Для меня все происходящее - новый опыт, новый маршрут, другой неизведанный мир. Для него это просто дополнительный заработок. Мне не просто интересно, я живу этим рейсом, погружаюсь в события полностью, без остатка. Он часто и на многое смотрит со стороны, отстраненно, его сложно чем-то удивить, он всю жизнь в рейсах и все уже видел, многое прошел несколько раз. Он учит меня как по работе, так и по жизни, он смелый, отчаянный, мы с ним - прекрасный симбиоз из пословицы "Если бы молодость знала, если бы старость могла". Он в самом рассвете сил и щедро, в подробностях, в точных деталях делится жизненным и профессиональным опытом. Он на многое способен, но не так свободен в своих решениях и действиях, как я, он связан обязательствами, у него есть другая основная работа, семья, дети. Я полностью предоставлен сам себе, свободен. Он открывает для меня Европу, людей, технику. Все это искренне, интересно и всегда без прикрас, порой бывает трудно, но я счастлив. Дороги, города и поселки остаются за бортом, за разговорами и новыми впечатлениями быстро пролетают страна за страной. Я рассматриваю обгоняющие нас машины, предполагая их технические характеристики. Отмечаю для себя какие-то уникальные, иногда простые, но гениальные решения. Нагоняем грузовик, к заднему борту которого прицеплен погрузчик, и теперь в месте выгрузки грузовик выгрузит себя сам! Вспоминаю, как в армии мы вручную выгружали вагоны с углем и мукой, сотнями тонн за сутки без погрузчика…
В Западной Европе все иначе. Впечатляют дороги: ровные, словно натянуты по нитке. И когда я полностью вижу один километр от столбика до столбика, а это часто бывает на спуске с холма, обязательно считаю, за сколько секунд проходят этот участок быстрые машины или мотоциклы.
- 521, 522, 523, - считаю я секунды, проговаривая многозначные цифры вслух как при прыжке с парашютом. - Так! 1000 метров делим на 19 секунд и умножаем на 3,6.
- Ого, мотоцикл! Марку я не разглядел, его скорость примерно 190, - сообщаю я дяде результат. Считаю следующего, вижу, как вдалеке он опережает предыдущего мотоциклиста.
- 240 километров в час, ZZR 1100 на обтекателе был написано!!! - почти кричу я.
- Чем бы дитя не тешилось, - смотрит на меня дядя, вздыхая. - Ты как пятилетний мальчик с этими мотоциклами.

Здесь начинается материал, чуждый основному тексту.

(* Let $\vec H$ be a fixed oriented graph whose underlying graph $H$ is bipartite, and suppose $\vec H$ is well-oriented with respect to the bipartition $V(H)=A(H)\sqcup B(H)$, i.e. every arc of $\vec H$ goes from $A(H)$ to $B(H)$. Let \[\Delta'(H)=\min\Big\{\max_{v\in A(H)}\deg_H(v),\ \max_{v\in B(H)}\deg_H(v)\Big\}.\] Then $\mathrm{ex}(n,\vec H)=O(n^{2-1/\Delta'(H)})$.
   Context: An oriented graph is a digraph in which each pair of vertices is joined by at most one arc. $\mathrm{ex}(n,\vec H)$ is the maximum number of arcs in an $n$-vertex oriented graph that does not contain $\vec H$ as a subgraph (respecting orientations). *)

theory Defs
  imports Complex_Main "HOL-Library.Landau_Symbols"
begin

definition oriented_graph :: "'a set \<Rightarrow> ('a \<times> 'a) set \<Rightarrow> bool" where
  "oriented_graph V E \<longleftrightarrow> finite V \<and> E \<subseteq> V \<times> V \<and>
     (\<forall>v. (v, v) \<notin> E) \<and> (\<forall>u v. (u, v) \<in> E \<longrightarrow> (v, u) \<notin> E)"

definition contains_oriented ::
  "'a set \<Rightarrow> ('a \<times> 'a) set \<Rightarrow> 'b set \<Rightarrow> ('b \<times> 'b) set \<Rightarrow> bool" where
  "contains_oriented V E VH EH \<longleftrightarrow>
     (\<exists>f. inj_on f VH \<and> f ` VH \<subseteq> V \<and> (\<forall>(u, v) \<in> EH. (f u, f v) \<in> E))"

definition ex_oriented :: "nat \<Rightarrow> 'b set \<Rightarrow> ('b \<times> 'b) set \<Rightarrow> nat" where
  "ex_oriented n VH EH = Sup {card E | E. oriented_graph {0..<n} E \<and>
                                 \<not> contains_oriented {0..<n} E VH EH}"

definition udeg :: "('b \<times> 'b) set \<Rightarrow> 'b \<Rightarrow> nat" where
  "udeg EH v = card {u. (v, u) \<in> EH \<or> (u, v) \<in> EH}"

definition Delta' :: "('b \<times> 'b) set \<Rightarrow> 'b set \<Rightarrow> 'b set \<Rightarrow> nat" where
  "Delta' EH A B = min (Sup (udeg EH ` A)) (Sup (udeg EH ` B))"

end

theory Submission
  imports Defs "HOL-Analysis.Convex"
begin

text \<open>Dependent random choice, with the probabilistic argument replaced by double counting.
Let r be the maximal out-degree in A, a = |V(H)|, and let G have n vertices and e arcs.
Summing the sizes of the common out-neighbourhoods of all r-tuples of vertices of G gives the
sum of the r-th powers of the in-degrees, which is at least e^r / n^(r-1) by convexity; an
r-tuple with fewer than a common in-neighbours (a bad tuple) lies in at most a^r of these
neighbourhoods. So if e^r > (a^r + a) n^(2r-1), some common out-neighbourhood exceeds the
number of bad tuples inside it by more than a, and deleting one vertex of each of them leaves a
set U of more than a vertices any r of which have at least a common in-neighbours. Then B embeds
into U, and the vertices of A can be placed one by one into the common in-neighbourhoods of the
images of their out-neighbours. If the smaller maximal degree is attained in B, reverse all arcs.\<close>

lemma convex_on_nonneg_power: "convex_on {0::real..} (\<lambda>x. x ^ n)"
  by (cases "even n") (auto intro: convex_on_subset[OF convex_power_even] convex_power_odd)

Ну в самом деле, пора бы уже привыкнуть.
- Я, наверное, никогда к этому не привыкну, - улыбаюсь я клонящемуся к земле солнцу.
Дядя возится с компьютером, который, вместо того чтобы выбросить на свалку, отдали нам в немецком автобусном парке. Дядя пытается реанимировать его прямо по ходу движения.
- Так, - слышу я голос из-за разобранного компьютера, который стоит на передней панели перед лобовым стеклом и разделяет нас как перегородка. - 486-й процессор.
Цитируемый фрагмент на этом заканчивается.